Embora a maioria dos óbitos apontados no levantamento do Estadão seja de idosos, também há vítimas mais jovens. Em Taboão, homens de 46 e 52 anos estão entre os 14 que morreram na fila por UTI. Em Araçatuba, três dos quatro óbitos na espera foram de pessoas abaixo de 60 anos (de 46, 53 e 59).

Márcia Aparecida da Luz, de 38 anos, morreu no ia 2, na fila de espera de UTI, em Buri. “Ainda estamos sem resposta. É triste saber que ela poderia ter sido salva se houvesse vaga para internação”, disse a sobrinha Graciele Antunes, de 36 anos. Márcia morreu em uma Unidade de Pronto Atendimento (UPA) onde mais oito infectados aguardavam transferência para hospital. Ela havia sido internada no dia 28, juntamente com o marido, Djalma Antunes. O casal é dono de um conhecido restaurante na cidade.

Os dois tinham apresentado sintomas quase ao mesmo tempo. Ele foi transferido na madrugada do dia 2, por meio do Cross, para Sorocaba. “Achávamos que minha tia iria junto, mas não havia vaga para os dois. O quadro dela se agravou e ela não resistiu. Morreu no mesmo dia, à tarde”, conta a sobrinha.

A prefeitura de Buri informou que a paciente recebeu o suporte clínico possível, diante da calamidade. Acrescentou que foi feito todo o esforço para conseguir a transferência. Após Márcia, mais três morreram à espera de vaga na cidade.

Os outros casos foram nos seguintes municípios: Alumínio (1), Cabreúva (1), Caieiras (1), Capela do Alto (2), Dracena (3), Francisco Morato (2), Itajobi (1), Itapecerica da Serra (2), Itapetininga (1), Jales (3), Joanópolis (1), Ouroeste (4), Rio Grande da Serra (2), Santa Adélia (1), Sumaré (1) e Urânia (3).

Efeito dominó

Marcio Sommer Bittencourt, médico da Clínica de Epidemiologia do Hospital Universitário da USP, explica que o represamento de internações causa pressão ainda maior sobre a rede de saúde. Isso porque, quando consegue UTI, o paciente está debilitado e requer maior tempo de tratamento.

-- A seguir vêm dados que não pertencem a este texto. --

(* Assume the network is regular. Let $j^*\in\mathcal E$ and $m'\in\mathcal M$. Then $j^*\leadsto m'$ if and only if there exists a partial child selection $J^\vee:\mathcal M\setminus\{m'\}\to\mathcal E\setminus\{j^*\}$ (injective, with $m\vdash J^\vee(m)$ for all $m\ne m'$) such that the augmented set $\{j^*\}\cup J^\vee(\mathcal M\setminus\{m'\})$ selects an $S$-basis.
   Context: A reaction network consists of a finite set of metabolites $\mathcal M=\{1,\dots,M\}$ and a finite set of reactions $\mathcal E=\{1,\dots,E\}$. Each reaction $j$ has an input stoichiometric vector $y^j\in\mathbb R_{\ge0}^M$ and an output stoichiometric vector $\bar y^j\in\mathbb R_{\ge0}^M$. Write $m\vdash j$ iff $y^j_m\neq 0$. The stoichiometric matrix $S$ is the real $M\times E$ matrix whose $j$-th column is $S^j=\bar y^j-y^j$; it is assumed to have full rank $M$. The rate matrix $R=(r_{jm})$ is the $E\times M$ matrix whose entries $r_{jm}$ with $m\vdash j$ are independent indeterminates, and $r_{jm}=0$ whenever $m\not\vdash j$. "Nonzero algebraically" means nonzero as a polynomial/rational function in these indeterminates. For $\mathcal E'\subseteq\mathcal E$, $S^{\mathcal E'}$ denotes the submatrix of columns indexed by $\mathcal E'$; $\mathcal E'$ selects an $S$-basis if $|\mathcal E'|=M$ and $\det S^{\mathcal E'}\neq0$. A child selection is an injective map $J:\mathcal M\to\mathcal E$ with $m\vdash J(m)$ for all $m$. The network is regular if $\det(SR)\ne0$ algebraically. Let $B=\begin{pmatrix}-\mathrm{id}_{\mathcal E}&R\\ S&0\end{pmatrix}$, a square matrix with rows and columns indexed by the disjoint union $\mathcal E\sqcup\mathcal M$; for a regular network it is invertible over the field of rational functions in the $r_{jm}$. For $\alpha\in\mathcal E\sqcup\mathcal M$ set $z^\alpha=-B^{-1}e_\alpha$, and write $\alpha\leadsto\beta$ for $\beta\in\mathcal E\sqcup\mathcal M$ if $z^\alpha_\beta$ is nonzero algebraically. (For $j^*\in\mathcal E$, the $\mathcal M$-part of $z^{j^*}$ is $\delta x^{j^*}=-(SR)^{-1}Se_{j^*}$.) *)

theory Defs
  imports "HOL-Analysis.Analysis"
begin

Ou não resiste e morre.

“Os pacientes na fila por UTI estão recebendo assistência pior do que se estivessem na UTI. Não que os profissionais que estão lá sejam ruins, mas porque a estrutura não permite atender. Afeta o prognóstico e vai morrer muito mais gente do que se a gente prestasse assistência médica adequada.”

A terapia intensiva tem diversos recursos para melhor assistir e tratar o paciente, que, pelo estado grave, precisa de acompanhamento mais continuado. Inclui equipe maior e mais experiente nesses casos, fisioterapeutas, respiradores de melhor qualidade, controle de sinais vitais contínuo, estrutura para diálise e uso de drogas vasoativas, dentre outros pontos. As informações são do jornal O Estado de S. Paulo.